Boy have I not missed the smell of kibble-fed poops though! Especially transition poops, those are the worst! 

Oh and for those who care, here are the ingredients for the Multi-Cat: 


> Deboned Chicken, Deboned Turkey, Chicken Meal, Turkey Meal, Menhaden Fish Meal (source of Omega 3 Fatty Acids), Whole Ground Brown Rice, Whole Ground Barley, Oatmeal, Peas, Chicken Fat (preserved with Mixed Tocopherols), Natural Chicken Flavor, Potatoes, Dried Egg, Fish Oil (source of Omega 3 Fatty Acids), Flaxseed (source of Omega 3 and 6 Fatty Acids), Dried Cellulose, Whole Carrots, Whole Sweet Potatoes, Cranberries, Blueberries, Barley Grass, Dried Parsley, Alfalfa Meal, Dried Kelp, Taurine, Yucca Schidigera Extract, L-Carnitine, L-Lysine, Turmeric, Dried Chicory Root, Oil of Rosemary, Beta Carotene, Vitamin A Supplement, Thiamine Mononitrate (Vitamin B1), Riboflavin (Vitamin B2), Niacin (Vitamin B3), d-Calcium Pantothenate (Vitamin B5), Pyridoxine Hydrochloride (Vitamin B6), Biotin (Vitamin B7), Folic Acid (Vitamin B9), Vitamin B12 Supplement, Calcium Ascorbate (source of Vitamin C), Vitamin D3 Supplement, Vitamin E Supplement, Iron Amino Acid Chelate, Zinc Amino Acid Chelate, Manganese Amino Acid Chelate, Copper Amino Acid Chelate, Choline Chloride, Sodium Selenite, Calcium Iodate, Salt, Caramel, Potassium Chloride, Calcium Carbonate, Dried Yeast (source of Saccharomyces cerevisiae), Dried Lactobacillus acidophilus fermentation product, Dried Bacillus subtilis fermentation product, Dried Enterococcus faecium fermentation product


Not too horrible if you ask me.


----------



## wolfsnaps88 (Jan 2, 2012)

Cat kibble poops Suuuuck. They are huge and stinky. I had my cat on raw briefly and loved it! Her poops were small and practically odorless. Then she resisted and is back on kibble/canned. AND she hid a piece of beef kidney in my (now cluttered) spare room. BARF, it stinks in there. So on my agenda is to clean that room out and find the source of the mystery smell. 

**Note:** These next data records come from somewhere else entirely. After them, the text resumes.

lemma integral_exp_Max_upper:
  fixes x :: "'j \<Rightarrow> real ^ 'n::finite"
  assumes "finite J" "J \<noteq> {}" "0 \<le> c"
  shows "(\<integral>u. exp (c * Max ((\<lambda>j. lincomb (noise_index p) (upper_coef p x j) u) ` J)) \<partial>gauss (noise_index p))
    = (\<integral>g. exp (c * sqrt (real p) * Max ((\<lambda>j. linear_form g (x j)) ` J)) \<partial>gauss (UNIV :: 'n set))"
proof -
  have Max_scale: "Max ((\<lambda>j. sqrt (real p) * linear_form g (x j)) ` J)
      = sqrt (real p) * Max ((\<lambda>j. linear_form g (x j)) ` J)" for g
    using mono_Max_commute[of "\<lambda>t. sqrt (real p) * t" "(\<lambda>j. linear_form g (x j)) ` J"] assms(1,2)
    by (simp add: monoI mult_left_mono image_image)
  define F where "F = (\<lambda>g. exp (c * sqrt (real p) * Max ((\<lambda>j. linear_form g (x j)) ` J)))"
  have "Inr \<in> UNIV \<rightarrow> noise_index p"
    by (auto simp: noise_index_def)
  moreover have "F \<in> borel_measurable (gauss UNIV)"
    unfolding F_def using assms(1) by measurable
  ultimately have "integral\<^sup>L (gauss UNIV) F = (\<integral>u. F (\<lambda>n\<in>UNIV. u (Inr n)) \<partial>gauss (noise_index p))"
    by (intro integral_gauss_reindex) (simp_all add: inj_on_def)
  then show ?thesis
    by (simp add: F_def restrict_UNIV lincomb_upper_coef Max_scale mult.assoc)
qed

lemma exp_Max_tensor_form_le:
  fixes x :: "'j \<Rightarrow> real ^ 'n::finite"
  assumes "p > 0" "even p" "finite J" "J \<noteq> {}" "\<And>j. j \<in> J \<Longrightarrow> x j \<in> sphere 0 1" "0 < c"
  shows "exp (c\<^sup>2 * (real p - 1) / 2)
      * (\<integral>A. exp (c * Max ((\<lambda>j. tensor_form p A (x j)) ` J)) \<partial>gauss (index_tuples p :: (nat \<Rightarrow> 'n) set))
    \<le> (\<integral>g. exp (c * sqrt (real p) * Max ((\<lambda>j. linear_form g (x j)) ` J)) \<partial>gauss (UNIV :: 'n set))"
proof -
  interpret gaussian_pair "noise_index p :: ((nat \<Rightarrow> 'n) option + 'n) set" J "lower_coef p x" "upper_coef p x"
    by (rule gaussian_pair_lower_upper[OF assms(1-5)])
  show ?thesis
    using integral_exp_Max_le[OF assms(6)] assms
    by (simp add: integral_exp_Max_lower integral_exp_Max_upper)
qed

section \<open>From finite maxima to the supremum over \<open>S\<close>\<close>

lemma dense_sequence:
  fixes S :: "'a::{metric_space, second_countable_topology} set"
  assumes "S \<noteq> {}"
  obtains d :: "nat \<Rightarrow> 'a" where "range d \<subseteq> S" "S \<subseteq> closure (range d)"
proof -
  obtain T where T: "countable T" "T \<subseteq> S" "S \<subseteq> closure T"
    by (rule separable)
  then have "T \<noteq> {}"
    using assms by auto
  then show ?thesis
    using T range_from_nat_into[of T] by (intro that[of "from_nat_into T"]) auto
qed

lemma tendsto_Max_dense_SUP:
  fixes f :: "'b::topological_space \<Rightarrow> real"
  assumes "continuous_on UNIV f" "range d \<subseteq> S" "S \<subseteq> closure (range d)" "bdd_above (f ` S)"
  shows "(\<lambda>k. Max ((\<lambda>j. f (d j)) ` {..k})) \<longlonglongrightarrow> (SUP x\<in>S. f x)"
proof (rule metric_LIMSEQ_I)
  fix e :: real assume "0 < e"
  let ?L = "SUP x\<in>S. f x"
  have "S \<noteq> {}" using assms(2) by auto
  have upper: "Max ((\<lambda>j. f (d j)) ` {..k}) \<le> ?L" for k
    using assms(2) by (auto intro!: cSUP_upper assms(4))
  obtain x where x: "x \<in> S" "?L - e < f x"
    using less_cSUP_iff[OF \<open>S \<noteq> {}\<close> assms(4), of "?L - e"] \<open>0 < e\<close> by auto
  have "open {y. ?L - e < f y}"
    using assms(1) by (intro open_Collect_less continuous_on_const)
  moreover have "x \<in> closure (range d)"
    using x assms(3) by auto
  ultimately have "{y. ?L - e < f y} \<inter> range d \<noteq> {}"
    using x unfolding closure_iff_nhds_not_empty by blast
  then obtain j0 where j0: "?L - e < f (d j0)"
    by auto
  show "\<exists>k0. \<forall>k\<ge>k0. dist (Max ((\<lambda>j. f (d j)) ` {..k})) ?L < e"
  proof (intro exI allI impI)
    fix k assume "j0 \<le> k"
    then have "f (d j0) \<le> Max ((\<lambda>j. f (d j)) ` {..k})"
      by (intro Max_ge) auto
    then show "dist (Max ((\<lambda>j. f (d j)) ` {..k})) ?L < e"
      using upper[of k] j0 unfolding dist_real_def by linarith
  qed
qed

lemma tendsto_integral_exp_Max_dense:
  fixes F :: "'a \<Rightarrow> 'b::topological_space \<Rightarrow> real"
  assumes dense: "range d \<subseteq> S" "S \<subseteq> closure (range d)" and "0 \<le> c"
    and cont: "\<And>\<omega>. continuous_on UNIV (F \<omega>)"
    and [measurable]: "\<And>x. (\<lambda>\<omega>. F \<omega> x) \<in> borel_measurable M"
    and bound: "\<And>\<omega> x. x \<in> S \<Longrightarrow> F \<omega> x \<le> B \<omega>"
    and integrable: "integrable M (\<lambda>\<omega>. exp (c * B \<omega>))"
  shows "integrable M (\<lambda>\<omega>. exp (c * (SUP x\<in>S. F \<omega> x)))"
    and "(\<lambda>k. \<integral>\<omega>. exp (c * Max ((\<lambda>j. F \<omega> (d j)) ` {..k})) \<partial>M)
           \<longlonglongrightarrow> (\<integral>\<omega>. exp (c * (SUP x\<in>S. F \<omega> x)) \<partial>M)"
proof -
  have "S \<noteq> {}" using dense by auto
  have bdd: "bdd_above (F \<omega> ` S)" for \<omega>
    by (intro bdd_aboveI[where M = "B \<omega>"]) (auto simp: bound)
  have lim: "(\<lambda>k. exp (c * Max ((\<lambda>j. F \<omega> (d j)) ` {..k}))) \<longlonglongrightarrow> exp (c * (SUP x\<in>S. F \<omega> x))" for \<omega>
    by (intro tendsto_intros tendsto_Max_dense_SUP[OF cont dense bdd])
  have meas_Max [measurable]: "(\<lambda>\<omega>. exp (c * Max ((\<lambda>j. F \<omega> (d j)) ` {..k}))) \<in> borel_measurable M" for k
    by measurable
  have meas_SUP [measurable]: "(\<lambda>\<omega>. exp (c * (SUP x\<in>S. F \<omega> x))) \<in> borel_measurable M"
    by (rule borel_measurable_LIMSEQ_real[OF lim]) measurable
  have "d j \<in> S" for j
    using dense(1) by auto
  then have "Max ((\<lambda>j. F \<omega> (d j)) ` {..k}) \<le> B \<omega>" for \<omega> k
    by (simp add: bound)
  then have Max_le: "norm (exp (c * Max ((\<lambda>j. F \<omega> (d j)) ` {..k}))) \<le> exp (c * B \<omega>)" for \<omega> k
    using \<open>0 \<le> c\<close> by (simp add: mult_left_mono)
  have "(SUP x\<in>S. F \<omega> x) \<le> B \<omega>" for \<omega>
    using \<open>S \<noteq> {}\<close> bound by (rule cSUP_least)
  then have SUP_le: "norm (exp (c * (SUP x\<in>S. F \<omega> x))) \<le> norm (exp (c * B \<omega>))" for \<omega>
    using \<open>0 \<le> c\<close> by (simp add: mult_left_mono)
  show "integrable M (\<lambda>\<omega>. exp (c * (SUP x\<in>S. F \<omega> x)))"
    by (rule Bochner_Integration.integrable_bound[OF integrable meas_SUP]) (intro AE_I2 SUP_le)
  show "(\<lambda>k. \<integral>\<omega>. exp (c * Max ((\<lambda>j. F \<omega> (d j)) ` {..k})) \<partial>M)
      \<longlonglongrightarrow> (\<integral>\<omega>. exp (c * (SUP x\<in>S. F \<omega> x)) \<partial>M)"
  proof (rule integral_dominated_convergence[OF _ _ integrable])
    show "AE \<omega> in M. (\<lambda>k. exp (c * Max ((\<lambda>j. F \<omega> (d j)) ` {..k}))) \<longlonglongrightarrow> exp (c * (SUP x\<in>S. F \<omega> x))"
      by (intro AE_I2 lim)
    show "AE \<omega> in M. norm (exp (c * Max ((\<lambda>j. F \<omega> (d j)) ` {..k}))) \<le> exp (c * B \<omega>)" for k
      by (intro AE_I2 Max_le)
  qed (fact meas_SUP meas_Max)+
qed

Cats are such a pain compared to dogs when switching foods!


----------



## CorgiPaws (Mar 31, 2009)

Ellie has been on kibble for a long time after a billion failed attempts to move her to canned and raw. Ironclad has been raw fed since day 1, and I've been contemplating moving him to kibble because it's really hard to offer Ellie food until she takes it and keep clad cat away from it (or he will eat a bunch of it and then refuse his raw cuz he's full) and quite frankly, it's a nightmare feeding them different things. 
I don't think grains are the root of all evil. In fact, most grain free foods seem to just be full of potato instead, so I really don't see much benefit to them unless there's specifically a grain issue. I think that food looks just fine. We use grain free for Ellie because any time i buy anything different she has issues, but if that weren't the case, I'd buy that food without a second thought. 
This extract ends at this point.